Все девчонки знали правду, одна я не знала. Ну можно ли в такое поверить? И тем не менее это святая правда, такая уж я была идиотка. Дело в том, что у Галины был брат, и она много и часто о нем говорила. И ещё у Галины был жених, и о нем она тоже часто нам всем рассказывала. Сначала я познакомилась с братом, причём произошло это отнюдь не при романтических обстоятельствах, а при самых что ни на есть прозаических. Мы с Галиной были в городе, что-то там делали, потом, сделав дело, возвращались домой. Она жила в самом центре, я немного дальше, в Мокотове. К ней я зашла по дороге только для того, чтобы воспользоваться туалетом, домой не доехала бы. Вот тут и появился брат. Не скажу, чтобы такой уж красавец, но мне понравился. Было в нем что-то такое, симпатичное. И он проводил меня до дому, поскольку уже стемнело. Вежливый молодой человек.
Вскоре после этой первой встречи мы все — Янка, Галина, её брат и я пошли в кино на «Цезаря и Клеопатру». Этот фильм показывали в Варшаве во время каникул, когда нас в городе не было, и теперь он шёл в кинотеатрах лишь на окраинах Варшавы, вот мы и поехали то ли в Прутков, то ли ещё куда, не помню. Места нам достались стоячие на балконе, брат не вытягивал шею, чтобы читать подписи, английский он знал, как польский. И очень мне этим заимпонировал. Домой мы возвращались уже в темноте, под проливным дождём. Янка с Галиной помчались быстрее вперёд, я же никогда не умела быстро передвигаться по грязи, вот и теперь шла, как калека какая, а брат опять же из вежливости сопровождал меня, неудобно было бросить одну.
О своём женихе Галина много нам рассказывала, что-то у них там не складывалось, а возможно, она излишне трезво подходила к вопросам будущей совместной жизни. Помню наш разговор в классе. Прислонясь к печке, она изливала мне душу и вдруг сказала:
— Не гожусь я ему в жены. Вот ты бы подошла больше.

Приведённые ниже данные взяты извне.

lemma beta_ln_minus:
  "beta (ln (real k + 1) - \<xi>) = sqrt (real k + 1) * gumbel_cdf \<xi> ^ k * beta (- \<xi>)"
proof -
  have "exp (ln (real k + 1) - \<xi>) = real (Suc k) * exp (- \<xi>)"
    by (simp add: exp_diff exp_minus field_simps)
  then have A: "exp (- exp (ln (real k + 1) - \<xi>)) = gumbel_cdf \<xi> ^ Suc k"
    unfolding gumbel_cdf_def by (metis exp_of_nat_mult mult_minus_right)
  have "exp ((ln (real k + 1) - \<xi>) / 2) = exp (ln (real k + 1) / 2) * exp (- \<xi> / 2)"
    by (simp add: diff_divide_distrib flip: exp_add)
  also have "exp (ln (real k + 1) / 2) = sqrt (real k + 1)"
    using powr_half_sqrt[of "real k + 1"] by (simp add: powr_def)
  finally have B: "exp ((ln (real k + 1) - \<xi>) / 2) = sqrt (real k + 1) * exp (- \<xi> / 2)" .
  show ?thesis
    by (simp add: beta_def A B mult_ac flip: gumbel_cdf_def)
qed

lemma L_adj_at_ln:
  "L_adj M g (ln (real k + 1)) = sqrt (real k + 1) *\<^sub>R (\<integral>\<xi>. gumbel_cdf \<xi> ^ k *\<^sub>R beta (- \<xi>) *\<^sub>R g \<xi> \<partial>M)"
  by (simp add: L_adj_def beta_ln_minus scaleR_conv_of_real mult_ac flip: integral_mult_right_zero)

locale uniformly_locally_finite_measure =
  fixes M :: "real measure" and C :: real
  assumes sets_M[measurable_cong]: "sets M = sets borel"
    and emeasure_unit_ball_le: "\<And>x. emeasure M {x - 1 <..< x + 1} \<le> ennreal C"
begin

lemma space_M[simp]: "space M = UNIV"
  using sets_eq_imp_space_eq[OF sets_M] by simp

lemma sigma_finite: "sigma_finite_measure M"
proof (rule sigma_finite_measure.intro)
  let ?A = "range (\<lambda>k::int. {real_of_int k - 1 <..< real_of_int k + 1})"
  have "x \<in> {real_of_int \<lfloor>x\<rfloor> - 1 <..< real_of_int \<lfloor>x\<rfloor> + 1}" for x
    using of_int_floor_le[of x] real_of_int_floor_add_one_gt[of x]
    unfolding greaterThanLessThan_iff by linarith
  then have "x \<in> \<Union>?A" for x
    by blast
  then have cover: "\<Union>?A = space M"
    by auto
  have finite_pieces: "emeasure M A \<noteq> \<infinity>" if "A \<in> ?A" for A
  proof -
    from that obtain k where "A = {real_of_int k - 1 <..< real_of_int k + 1}"
      by blast
    then show ?thesis
      using emeasure_unit_ball_le[of "real_of_int k"] by (auto simp: top_unique)
  qed
  show "\<exists>A. countable A \<and> A \<subseteq> sets M \<and> \<Union>A = space M \<and> (\<forall>a\<in>A. emeasure M a \<noteq> \<infinity>)"
  proof (intro exI[of _ ?A] conjI)
    show "?A \<subseteq> sets M"
      by (auto simp: sets_M)
    show "countable ?A"
      by simp
    show "\<Union>?A = space M"
      by (rule cover)
    show "\<forall>a\<in>?A. emeasure M a \<noteq> \<infinity>"
      using finite_pieces by blast
  qed
qed

interpretation M: sigma_finite_measure M
  by (rule sigma_finite)

interpretation lborel_M: pair_sigma_finite lborel M
  by (intro pair_sigma_finite.intro lborel.sigma_finite_measure_axioms sigma_finite)

definition kernel_bound :: ennreal where
  "kernel_bound = ennreal (exp 1) * ennreal C * (\<integral>\<^sup>+x. ennreal (beta x) \<partial>lborel)"

lemma kernel_bound_finite: "kernel_bound < \<infinity>"
  using nn_integral_beta_finite by (simp add: kernel_bound_def ennreal_mult_less_top)

lemma nn_integral_beta_le: "(\<integral>\<^sup>+\<xi>. ennreal (beta (y - \<xi>)) \<partial>M) \<le> kernel_bound"
proof -
  \<comment> \<open>Dominate beta (y - xi) by the average of e * beta (y - 1 - x) over the window |x - xi| < 1;
    after exchanging the integrals, the window measures are bounded by C.\<close>
  let ?w = "\<lambda>x. ennreal (exp 1) * ennreal (beta (y - 1 - x))"
  have shift: "beta (y - \<xi>) \<le> exp 1 * beta (y - 1 - x)" if "\<xi> - 1 < x" "x < \<xi> + 1" for x \<xi>
    using beta_le_exp_1_mult_beta[of "y - \<xi>" "y - x"] that by (simp add: algebra_simps)
  have "ennreal (beta (y - \<xi>)) \<le> (\<integral>\<^sup>+x. ?w x * indicator {x - 1 <..< x + 1} \<xi> \<partial>lborel)" for \<xi>
  proof -
    have "ennreal (beta (y - \<xi>)) \<le> 2 * ennreal (beta (y - \<xi>))"
      by (simp add: mult_2)
    also have "\<dots> = (\<integral>\<^sup>+x. ennreal (beta (y - \<xi>)) * indicator {\<xi> - 1 <..< \<xi> + 1} x \<partial>lborel)"
      by (simp add: nn_integral_cmult_indicator mult.commute)
    also have "\<dots> \<le> (\<integral>\<^sup>+x. ?w x * indicator {x - 1 <..< x + 1} \<xi> \<partial>lborel)"
      using shift by (intro nn_integral_mono)
        (auto split: split_indicator simp flip: ennreal_mult intro!: ennreal_leI)
    finally show ?thesis .
  qed
  then have "(\<integral>\<^sup>+\<xi>. ennreal (beta (y - \<xi>)) \<partial>M) \<le>
      (\<integral>\<^sup>+\<xi>. (\<integral>\<^sup>+x. ?w x * indicator {x - 1 <..< x + 1} \<xi> \<partial>lborel) \<partial>M)"
    by (intro nn_integral_mono)
  also have "\<dots> = (\<integral>\<^sup>+x. ?w x * emeasure M {x - 1 <..< x + 1} \<partial>lborel)"
    by (subst lborel_M.Fubini') (simp_all add: nn_integral_cmult_indicator)
  also have "\<dots> \<le> (\<integral>\<^sup>+x. ?w x * ennreal C \<partial>lborel)"
    by (intro nn_integral_mono mult_left_mono emeasure_unit_ball_le) simp
  also have "\<dots> = (\<integral>\<^sup>+x. ennreal (exp 1) * ennreal C * ennreal (beta (y - 1 - x)) \<partial>lborel)"
    by (simp add: mult_ac)
  also have "\<dots> = kernel_bound"
    by (simp add: nn_integral_cmult nn_integral_beta_reflect kernel_bound_def)
  finally show ?thesis .
qed

context
  fixes g :: "real \<Rightarrow> complex"
  assumes g_measurable[measurable]: "g \<in> borel_measurable M"
    and g_L2: "integrable M (\<lambda>\<xi>. (norm (g \<xi>))\<^sup>2)"
begin

definition L_adj_abs :: "real \<Rightarrow> ennreal" where
  "L_adj_abs y = (\<integral>\<^sup>+\<xi>. ennreal (beta (y - \<xi>) * norm (g \<xi>)) \<partial>M)"

lemma nn_integral_norm_sq_finite: "(\<integral>\<^sup>+\<xi>. ennreal ((norm (g \<xi>))\<^sup>2) \<partial>M) < \<infinity>"
  using g_L2 by (simp add: integrable_iff_bounded)

lemma nn_integral_beta_norm_sq_le:
  "(\<integral>\<^sup>+\<xi>. ennreal (beta (y - \<xi>) * (norm (g \<xi>))\<^sup>2) \<partial>M) \<le> (\<integral>\<^sup>+\<xi>. ennreal ((norm (g \<xi>))\<^sup>2) \<partial>M)"
  by (intro nn_integral_mono ennreal_leI mult_left_le_one_le) (auto simp: beta_le_1)

lemma L_adj_abs_sq_le:
  "(L_adj_abs y)\<^sup>2 \<le> kernel_bound * (\<integral>\<^sup>+\<xi>. ennreal (beta (y - \<xi>) * (norm (g \<xi>))\<^sup>2) \<partial>M)"
proof -
  let ?f = "\<lambda>\<xi>. ennreal (sqrt (beta (y - \<xi>)))"
  let ?h = "\<lambda>\<xi>. ennreal (sqrt (beta (y - \<xi>)) * norm (g \<xi>))"
  have "(L_adj_abs y)\<^sup>2 = (\<integral>\<^sup>+\<xi>. ?f \<xi> * ?h \<xi> \<partial>M)\<^sup>2"
    unfolding L_adj_abs_def by (simp add: mult.assoc[symmetric] flip: ennreal_mult)
  also have "\<dots> \<le> (\<integral>\<^sup>+\<xi>. ?f \<xi> ^ 2 \<partial>M) * (\<integral>\<^sup>+\<xi>. ?h \<xi> ^ 2 \<partial>M)"
    by (rule Cauchy_Schwarz_nn_integral) measurable
  also have "\<dots> = (\<integral>\<^sup>+\<xi>. ennreal (beta (y - \<xi>)) \<partial>M) * (\<integral>\<^sup>+\<xi>. ennreal (beta (y - \<xi>) * (norm (g \<xi>))\<^sup>2) \<partial>M)"
    by (simp add: ennreal_power power_mult_distrib)
  also have "\<dots> \<le> kernel_bound * (\<integral>\<^sup>+\<xi>. ennreal (beta (y - \<xi>) * (norm (g \<xi>))\<^sup>2) \<partial>M)"
    by (intro mult_right_mono nn_integral_beta_le) simp
  finally show ?thesis .
qed

lemma L_adj_abs_finite: "L_adj_abs y < \<infinity>"
proof -
  have "(L_adj_abs y)\<^sup>2 \<le> kernel_bound * (\<integral>\<^sup>+\<xi>. ennreal ((norm (g \<xi>))\<^sup>2) \<partial>M)"
    using L_adj_abs_sq_le nn_integral_beta_norm_sq_le by (meson mult_left_mono order_trans zero_le)
  also have "\<dots> < \<infinity>"
    using kernel_bound_finite nn_integral_norm_sq_finite by (simp add: ennreal_mult_less_top)
  finally show ?thesis
    by (simp add: power_less_top_ennreal)
qed

lemma nn_integral_norm_kernel:
  "(\<integral>\<^sup>+\<xi>. ennreal (norm (complex_of_real (beta (y - \<xi>)) * g \<xi>)) \<partial>M) = L_adj_abs y"
  unfolding L_adj_abs_def using beta_pos
  by (intro nn_integral_cong) (simp add: norm_mult abs_of_pos)

lemma integrable_kernel: "integrable M (\<lambda>\<xi>. complex_of_real (beta (y - \<xi>)) * g \<xi>)"
  using L_adj_abs_finite by (simp add: integrable_iff_bounded nn_integral_norm_kernel)

lemma norm_L_adj_le: "ennreal (norm (L_adj M g y)) \<le> L_adj_abs y"
  unfolding L_adj_def nn_integral_norm_kernel[symmetric]
  by (rule integral_norm_bound_ennreal[OF integrable_kernel])

lemma nn_integral_L_adj_abs_sq_finite: "(\<integral>\<^sup>+y. (L_adj_abs y)\<^sup>2 \<partial>lborel) < \<infinity>"
proof -
  have "(\<integral>\<^sup>+y. (L_adj_abs y)\<^sup>2 \<partial>lborel)
      \<le> kernel_bound * (\<integral>\<^sup>+y. (\<integral>\<^sup>+\<xi>. ennreal (beta (y - \<xi>) * (norm (g \<xi>))\<^sup>2) \<partial>M) \<partial>lborel)"
    by (subst nn_integral_cmult[symmetric]) (measurable, intro nn_integral_mono L_adj_abs_sq_le)
  also have "(\<integral>\<^sup>+y. (\<integral>\<^sup>+\<xi>. ennreal (beta (y - \<xi>) * (norm (g \<xi>))\<^sup>2) \<partial>M) \<partial>lborel)
      = (\<integral>\<^sup>+\<xi>. (\<integral>\<^sup>+y. ennreal ((norm (g \<xi>))\<^sup>2) * ennreal (beta (y - \<xi>)) \<partial>lborel) \<partial>M)"
    by (subst lborel_M.Fubini') (auto intro!: nn_integral_cong simp: ennreal_mult mult.commute)
  also have "\<dots> = (\<integral>\<^sup>+\<xi>. ennreal ((norm (g \<xi>))\<^sup>2) \<partial>M) * (\<integral>\<^sup>+x. ennreal (beta x) \<partial>lborel)"
    by (simp add: nn_integral_cmult nn_integral_beta_translate nn_integral_multc)
  also have "kernel_bound * \<dots> < \<infinity>"
    using kernel_bound_finite nn_integral_norm_sq_finite nn_integral_beta_finite
    by (simp add: ennreal_mult_less_top)
  finally show ?thesis .
qed

lemma continuous_L_adj: "continuous_on UNIV (L_adj M g)"
  unfolding continuous_on_eq_continuous_at[OF open_UNIV] L_adj_def
proof (intro ballI isCont_integral_dominated)
  fix x0 :: real
  let ?w = "\<lambda>\<xi>. exp 1 * norm (complex_of_real (beta (x0 - 1 - \<xi>)) * g \<xi>)"
  show "integrable M ?w"
    by (intro integrable_mult_right integrable_norm integrable_kernel)
  show "AE \<xi> in M. isCont (\<lambda>x. complex_of_real (beta (x - \<xi>)) * g \<xi>) x0"
    by (intro AE_I2 continuous_intros isCont_o2[OF _ isCont_beta])
  have "AE \<xi> in M. norm (complex_of_real (beta (x - \<xi>)) * g \<xi>) \<le> ?w \<xi>" if "dist x x0 < 1" for x
  proof (rule AE_I2)
    fix \<xi>
    have "beta (x - \<xi>) \<le> exp 1 * beta (x0 - \<xi> - 1)"
      using that by (intro beta_le_exp_1_mult_beta) (simp add: dist_real_def)
    then have "norm (g \<xi>) * beta (x - \<xi>) \<le> norm (g \<xi>) * (exp 1 * beta (x0 - \<xi> - 1))"
      by (rule mult_left_mono) simp
    then show "norm (complex_of_real (beta (x - \<xi>)) * g \<xi>) \<le> ?w \<xi>"
      by (simp add: norm_mult algebra_simps)
  qed
  then show "\<forall>\<^sub>F x in nhds x0. AE \<xi> in M. norm (complex_of_real (beta (x - \<xi>)) * g \<xi>) \<le> ?w \<xi>"
    by (intro eventually_nhds_metric[THEN iffD2] exI[of _ 1]) auto
qed measurable

lemma L_adj_measurable[measurable]: "L_adj M g \<in> borel_measurable borel"
  by (rule borel_measurable_continuous_onI[OF continuous_L_adj])

lemma integrable_norm_L_adj_sq: "integrable lborel (\<lambda>x. (norm (L_adj M g x))\<^sup>2)"
proof -
  have "(\<integral>\<^sup>+x. ennreal ((norm (L_adj M g x))\<^sup>2) \<partial>lborel) \<le> (\<integral>\<^sup>+x. (L_adj_abs x)\<^sup>2 \<partial>lborel)"
    using norm_L_adj_le by (intro nn_integral_mono) (simp add: power_mono flip: ennreal_power)
  then show ?thesis
    using nn_integral_L_adj_abs_sq_finite by (simp add: integrable_iff_bounded)
qed

lemma integrable_G_op_pairing:
  "integrable (lborel \<Otimes>\<^sub>M M) (\<lambda>(x, \<xi>). cnj (g \<xi>) * (complex_of_real (beta (x - \<xi>)) * L_adj M g x))"
  (is "integrable _ ?f")
  unfolding integrable_iff_bounded
proof
  have "(\<integral>\<^sup>+p. ennreal (norm (?f p)) \<partial>(lborel \<Otimes>\<^sub>M M))
      = (\<integral>\<^sup>+x. (\<integral>\<^sup>+\<xi>. ennreal (norm (L_adj M g x)) * ennreal (beta (x - \<xi>) * norm (g \<xi>)) \<partial>M) \<partial>lborel)"
    by (subst M.nn_integral_fst[symmetric])
      (auto intro!: nn_integral_cong simp: norm_mult mult_ac simp flip: ennreal_mult)
  also have "\<dots> = (\<integral>\<^sup>+x. ennreal (norm (L_adj M g x)) * L_adj_abs x \<partial>lborel)"
    unfolding L_adj_abs_def by (simp add: nn_integral_cmult)
  also have "\<dots> \<le> (\<integral>\<^sup>+x. (L_adj_abs x)\<^sup>2 \<partial>lborel)"
    using norm_L_adj_le by (intro nn_integral_mono) (simp add: power2_eq_square mult_right_mono)
  also have "\<dots> < \<infinity>"
    by (rule nn_integral_L_adj_abs_sq_finite)
  finally show "(\<integral>\<^sup>+p. ennreal (norm (?f p)) \<partial>(lborel \<Otimes>\<^sub>M M)) < \<infinity>" .
qed measurable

И вообще, собственно говоря, только на тебе ему и следует жениться.
Я с ужасом восприняла такое заявление в свете того, что Галина нарассказывала мне о женихе. Во-первых, звали его Станислав, я же не выношу этого имени. Во-вторых, он обожал супы, а я с детства не терплю их. В-третьих, он был очень вспыльчив, чуть что — выходил из себя и лицо его наливалось кровью, отвратительная черта! В-четвёртых, обожал просыпаться чуть свет и был при этом бодр, как жаворонок, я же — совсем наоборот, а ранним вставанием меня и без того уморила моя мать. Ну, и в-пятых, с этим противным Станиславом требовалось обходиться бережно и осторожно, как с тухлым яйцом.
Слушала я слушала Галинины излияния, а про себя думала: «Какое счастье, что Станислав не мой жених!» Хотя ради справедливости стоит отметить, что у него были и кое-какие достоинства: ум, эрудиция, чувство юмора, мягкий характер. И вообще он был порядочный человек и не бабник.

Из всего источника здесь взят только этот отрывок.